When it comes to blocking people on Twitter, President Donald Trump is hands-on, creating a distinction that a U.S. Justice Department attorney urged the U.S. Court of Appeals for the Second Circuit to seize upon to restore his ability to block users.

That was one of the ways lawyers for the government attempted to parse Trump's actions on Twitter on appeal, as it sought to have the panel overturn a district court decision saying a group of Twitter users could not be blocked by the president.

The distinction was probed during the argument, with one pointed question indicating it would be hard to see Trump's Twitter account as a non-public forum.

“Are you seriously urging us to believe that the president is not acting in his official capacity when he is tweeting,” Circuit Judge Barrington Parker asked DOJ lawyer Jennifer Utrecht at one juncture.

Utrecht answered that it depended on the situation.

The suit was on appeal after U.S. District Judge Naomi Buchwald of the Southern District of New York ruled the president's personal account falls under the public forum doctrine, as established by the U.S. Supreme Court. Blocking individuals because of their political views, then, is a free speech violation, the district court found.

Utrecht argued before the panel—composed of Parker with Circuit Judges Peter Hall and Christopher Droney—that it was important not to think of Twitter like a town hall kind of forum. Rather, she told the court, it was like an open, privately owned mall where numerous and overlapping conversations were being had.

Trump was simply another voice in that same open space, who just so happened to routinely use his account to make official policy proclamations as President of the United States.

“He is participating in twitter, not acting in a controlling way,” Utrecht told the court, before noting that the replies to Trump's tweets weren't actually on his account, but instead were located on the accounts of those who did the actual replying.

She then sought to draw a fine but critical line between Trump's government actions on Twitter, and his private one. Noting several times that even presidents get to have private spaces where they can control who can and cannot be present—the president's Mar-a-Logo facility was one such example, Utrecht argued that Trump's personal blocking, in an individual capacity, of users was a private action of an option that all users on Twitter enjoyed.

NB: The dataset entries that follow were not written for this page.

lemma Qplus_yoneda_bij:
  assumes x: "x \<in> plus_obs D T to B"
  shows "bij_betw (yoneda_ext (minus_obs D T to B) (Qminus D ta Q) (\<lambda>\<gamma>. Der_act D (Id D (fst x)) \<gamma>))
           (Qplus D ta Q x) (perp_left D T to ta B (Qminus D ta Q) (Qminus_act D) x)"
  unfolding perp_left_def Der_bra_left_unit[OF x, symmetric]
proof (rule bij_betw_yoneda_ext)
  show "(Id T B, Q) \<in> minus_obs D T to B" "Id D Q \<in> Qminus D ta Q (Id T B, Q)"
    using Id_Q Id_B Q_Ob Q_refines by (auto simp: minus_obs_def Qminus_def)
next
  fix y w assume "y \<in> minus_obs D T to B" "w \<in> Qminus D ta Q y"
  then show "w \<in> minus_hom D T ta y (Id T B, Q) \<and> Qminus_act D w (Id D Q) = w"
    by (rule Qminus_represented)
next
  fix g assume "g \<in> Der_bra_left D T ta x (Id T B, Q)"
  then show "Der_act D (Id D (fst x)) (Id D Q) g = g"
    using category_Comp_Id_left[OF D_category] category_Comp_Id_right[OF D_category]
    by (auto simp: Der_bra_left_def Der_def Der_act_def)
next
  fix y w g assume "w \<in> Qminus D ta Q y" "g \<in> Der_bra_left D T ta x (Id T B, Q)"
  then have w: "w \<in> Der D ta Q (fst y) (snd y)" and g: "g \<in> Der D ta (fst x) (snd x) Q"
    by (simp_all add: Der_bra_left_unit[OF x] Qplus_def Qminus_def)
  show "Der_act D (Id D (fst x)) w g \<in> Der_bra_left D T ta x y"
    using Der_Comp[OF g w] by (simp add: Der_act_Id_left[OF g w] Der_bra_left_def)
next
  fix a b f w g assume f: "f \<in> minus_hom D T ta a b" and "w \<in> Qminus D ta Q b"
    and "g \<in> Der_bra_left D T ta x (Id T B, Q)"
  then have w: "w \<in> Der D ta Q (fst b) (snd b)" and g: "g \<in> Der D ta (fst x) (snd x) Q"
    and f': "f \<in> Der D ta (snd b) (ta f) (snd a)"
    by (auto simp: Der_bra_left_unit[OF x] Qplus_def Qminus_def minus_hom_def coslice_hom_def Der_def)
  have wf: "Qminus_act D f w \<in> Qminus D ta Q a"
    using f \<open>w \<in> Qminus D ta Q b\<close> by (rule Qminus_act_closed)
  then have "Comp D w f \<in> Der D ta Q (fst a) (snd a)" by (simp add: Qminus_act_def Qminus_def)
  then show "Qminus_act D f w \<in> Qminus D ta Q a \<and>
      Der_act D (Id D (fst x)) (Qminus_act D f w) g = Der_act D (Id D (fst x)) f (Der_act D (Id D (fst x)) w g)"
    using wf Der_Comp[OF g w] Der_Comp_assoc[OF g w f']
    by (simp add: Qminus_act_def Der_act_Id_left[OF g] Der_act_Id_left[OF g w]
        Der_act_Id_left[OF _ f'])
qed

lemma Qplus_yoneda_natural:
  assumes f: "f \<in> plus_hom D T ta a b" and "\<alpha> \<in> Qplus D ta Q b"
  shows "yoneda_ext (minus_obs D T to B) (Qminus D ta Q) (\<lambda>\<gamma>. Der_act D (Id D (fst a)) \<gamma>) (Qplus_act D f \<alpha>)
       = perp_left_act D T to B (Qminus D ta Q) f
           (yoneda_ext (minus_obs D T to B) (Qminus D ta Q) (\<lambda>\<gamma>. Der_act D (Id D (fst b)) \<gamma>) \<alpha>)"
proof (intro ext)
  fix y w
  have \<alpha>: "\<alpha> \<in> Der D ta (fst b) (snd b) Q" and f': "f \<in> Der D ta (fst a) (ta f) (fst b)"
    using assms by (auto simp: Qplus_def plus_hom_def Der_def)
  show "yoneda_ext (minus_obs D T to B) (Qminus D ta Q) (\<lambda>\<gamma>. Der_act D (Id D (fst a)) \<gamma>) (Qplus_act D f \<alpha>) y w
      = perp_left_act D T to B (Qminus D ta Q) f
          (yoneda_ext (minus_obs D T to B) (Qminus D ta Q) (\<lambda>\<gamma>. Der_act D (Id D (fst b)) \<gamma>) \<alpha>) y w"
  proof (cases "y \<in> minus_obs D T to B \<and> w \<in> Qminus D ta Q y")
    case True
    then have w: "w \<in> Der D ta Q (fst y) (snd y)" by (simp add: Qminus_def)
    have "Der_act D (Id D (fst a)) w (Comp D f \<alpha>) = Comp D f (Comp D \<alpha> w)"
      using Der_act_Id_left[OF Der_Comp[OF f' \<alpha>] w] Der_Comp_assoc[OF f' \<alpha> w] by simp
    moreover have "Der_act D f (Id D (snd y)) (Der_act D (Id D (fst b)) w \<alpha>) = Comp D f (Comp D \<alpha> w)"
      using Der_act_Id_left[OF \<alpha> w] Der_act_Id_right[OF f' Der_Comp[OF \<alpha> w]] by simp
    ultimately show ?thesis
      using True by (simp add: yoneda_ext_def perp_left_act_def Qplus_act_def)
  qed (auto simp: yoneda_ext_def perp_left_act_def)
qed

lemma Qplus_iso_perp_Qminus:
  "nat_iso (plus_obs D T to B) (plus_hom D T ta) (Qplus D ta Q) (Qplus_act D)
     (perp_left D T to ta B (Qminus D ta Q) (Qminus_act D)) (perp_left_act D T to B (Qminus D ta Q))"
  unfolding nat_iso_def
  using Qplus_yoneda_bij Qplus_yoneda_natural
  by (intro exI[of _ "\<lambda>x. yoneda_ext (minus_obs D T to B) (Qminus D ta Q) (\<lambda>\<gamma>. Der_act D (Id D (fst x)) \<gamma>)"]) blast

end

theorem theorem4p9:
  fixes D :: "('o,'a) cat" and T :: "('x,'c) cat"
    and to :: "'o \<Rightarrow> 'x" and ta :: "'a \<Rightarrow> 'c"
    and Q :: 'o and B :: 'x
  assumes "is_category D" and "is_category T" and "is_functor D T to ta"
    and "Q \<in> Ob D" and "to Q = B"
  shows "nat_iso (minus_obs D T to B) (minus_hom D T ta)
           (Qminus D ta Q) (Qminus_act D)
           (perp_right D T to ta B (Qplus D ta Q) (Qplus_act D))
           (perp_right_act D T to B (Qplus D ta Q))
       \<and> nat_iso (plus_obs D T to B) (plus_hom D T ta)
           (Qplus D ta Q) (Qplus_act D)
           (perp_left D T to ta B (Qminus D ta Q) (Qminus_act D))
           (perp_left_act D T to B (Qminus D ta Q))"
proof -
  interpret refined_object D T to ta Q B
    using assms by unfold_locales
  show ?thesis using Qminus_iso_perp_Qplus Qplus_iso_perp_Qminus ..
qed

end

The judges, already appearing skeptical, responded swiftly and collectively at this situation, speaking over each other to make their joint point.

“You're here because he is not a private individual,” Droney told Utrecht. “Your very presence here represents the fact that this is a public forum.”

Utrecht replied, “Certainly Your Honor, but if he was on the street and someone approached him and he walked away from that person, we wouldn't say either that that was a choice or power he was exercising by virtue of his governmental authority, nor would we say that his choice to walk away from that person and not hear their views was a forum.”

Jameel Jaffer, executive director of the Knight First Amendment Institute at Columbia University, argued that it “doesn't seem reasonable to separate” the personal and official aspects of the president's Twitter account.

“The only reason the president is in a position to block people from a public forum is that he is the president,” Jaffer told the court.

He pointed out that the only reason the individuals were blocked by Trump in the first place was because they disagreed with specific governmental policies. That Trump was expending government resources in helping him maintain and operate the account further moved it closer to the kind of protected space recently identified by the U.S. Court of Appeals for the Fourth Circuit's decision in Davidson v. Randall earlier this year.

Jaffer went on to warn that accepting this argument that the president can privately block users on a platform he uses in his official capacity “would have implications far beyond this particular context.” He said that conclusion could lead to every government website and accounts being able to keep certain public viewpoints from being expressed.

“I think you would be opening the door to distortion and manipulation of those spaces as well if you were to accept that line of argument,” he told the judges.